Transcription Loop

So this is a fascinating error. While reading a missive on Austro-Prussian negotiations (c. 1879), Leo got caught in a terrible loop of transcribing “Königin” over 800 consecutive times. Of course, this is concerning from a technical point of view, as getting caught in a loop like this is quite bad on its own, but moreover, the word “Königin” is not the correct word found in the text. The sentence Leo got stuck on says “S[eine] kais[erliche] hoheit des Kronprinzen von uns veraulasst wurde”, but Leo read “v[. ]Gefäit des Königin zu Königin Königin…”, which makes no sense.

There are other minor transcription errors, such as at the beginning of that paragraph, Leo writes “Lange” where it should read “Lage”, and the page being given the wrong number. But to whatever degree Leo incorporates grammar into its output, it may be worth noting a few abbreviations that is continually misreads:

“Ew.” = “Eure Hoheit” (your highness)
“S. Maj.” = “Seine Majestät” (his majesty)
“gez.” = “Gezeichnet” (signed)
“usw” = “und so wieder” (and so on/et cetera)
“z. B.” = “zum Beispiel” (for example)

This is not an exhaustive list, but perhaps I can compile more of these examples as they come to me, as they would make a better product, should Leo be able to recognize them. “S.” is particularly hard for the program, as with contemporary writing styles, capital Ss look like modern capital Vs, meaning that if Leo does take grammar into consideration, it may think it’s looking at an abbreviated “von”, which would be quite the red herring.

1 Like

Thanks Christian! Please see here for some information on these kinds of transcription errors:

We’ll be releasing a new model some time next week and we’re hoping that the updated version will get on better with this kind of material. Unfortunately some German handwriting styles are still not well represented in the training data but this should be fixed in the coming months.

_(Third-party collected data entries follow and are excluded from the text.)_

lemma CBplus_in_lspan_words: "f \<in> CBplus e \<Longrightarrow> f \<in> lspan n all_words (adom f) (acod f)"
proof (induct rule: CBplus.induct)
  case (comp f g)
  have "acomp n g f \<in> lspan n all_words (adom f) (acod g)"
  proof (rule lspan_acomp_lspan[OF comp(2)])
    show "g \<in> lspan n all_words (acod f) (acod g)" using comp by simp
  next
    fix x y assume "x \<in> all_words" "adom x = adom f" "acod x = acod f"
      and "y \<in> all_words" "adom y = acod f" "acod y = acod g"
    then obtain i j where "elem_word (j + i) (acomp n y x)"
      using elem_word_acomp by fastforce
    thus "acomp n y x \<in> lspan n all_words (adom f) (acod g)"
      using \<open>adom x = adom f\<close> \<open>acod y = acod g\<close> by (auto intro: lspan.base)
  qed
  thus ?case by simp
next
  case (tens f g)
  have "atens n f g \<in> lspan n all_words (adom f + adom g) (acod f + acod g)"
  proof (rule lspan_atens_lspan[OF tens(2,4)])
    fix x y assume "x \<in> all_words" "adom x = adom f" "acod x = acod f"
      and "y \<in> all_words" "adom y = adom g" "acod y = acod g"
    then obtain i j where "elem_word (i + j) (atens n x y)"
      using elem_word_atens by blast
    thus "atens n x y \<in> lspan n all_words (adom f + adom g) (acod f + acod g)"
      using \<open>adom x = adom f\<close> \<open>acod x = acod f\<close> \<open>adom y = adom g\<close> \<open>acod y = acod g\<close>
      by (auto intro: lspan.base)
  qed
  thus ?case by simp
qed (auto intro!: lspan.intros generator_elem_word elem_word.aid)

lemma aid_CBplus: "aid n m \<in> CBplus e"
proof (induct m)
  case (Suc m)
  thus ?case using CBplus.tens[OF CBplus.id1 Suc] by (simp add: atens_aid)
qed (rule CBplus.id0)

I’m having the same issue.

When working with an early 19th century birth record in French, Leo seems to have a number of problems. The first is inaccurate transcription, to the point that it’s easier to do this without AI aid.The second is a sort of doom loop where Leo keeps repeating the same sentence. I think that this shows Leo a bit beyond its capacities, at least with its present training.

Here is the transcription loop (cut off at a few repetitions: it goes on for about thirty). After that I’m pasting the part of the original.

j’acquiers et avons l’attuation a la grenouille aux
deux Bourhays Commune d’archibouy et avons nous à
vous et au soixant du Soi Suzanne
de la Chavannes et de la Chavannes
opposition ne nous soit garder ne un mois de la dite Commune
de la dite Commune de la Chavannes et que deux
parties sont Mme de la Chavannes et Suzanne et
avons donné de la soi l’ent droit qui
et Suzanne Clerk sont une le mariage de tout qui
nous avons donné le
d’atture qu’au nous de la soi l’ent droit qui
et Suzanne Clerk sont une le mariage de tout qui
nous avons donné le
d’atture qu’au nous de la soi l’ent droit qui
et Suzanne Clerk sont une le mariage de tout qui
nous avons donné le

Thanks Paul. Was it just this one or did you notice any patterns about the kinds of sources that this tends to happen with?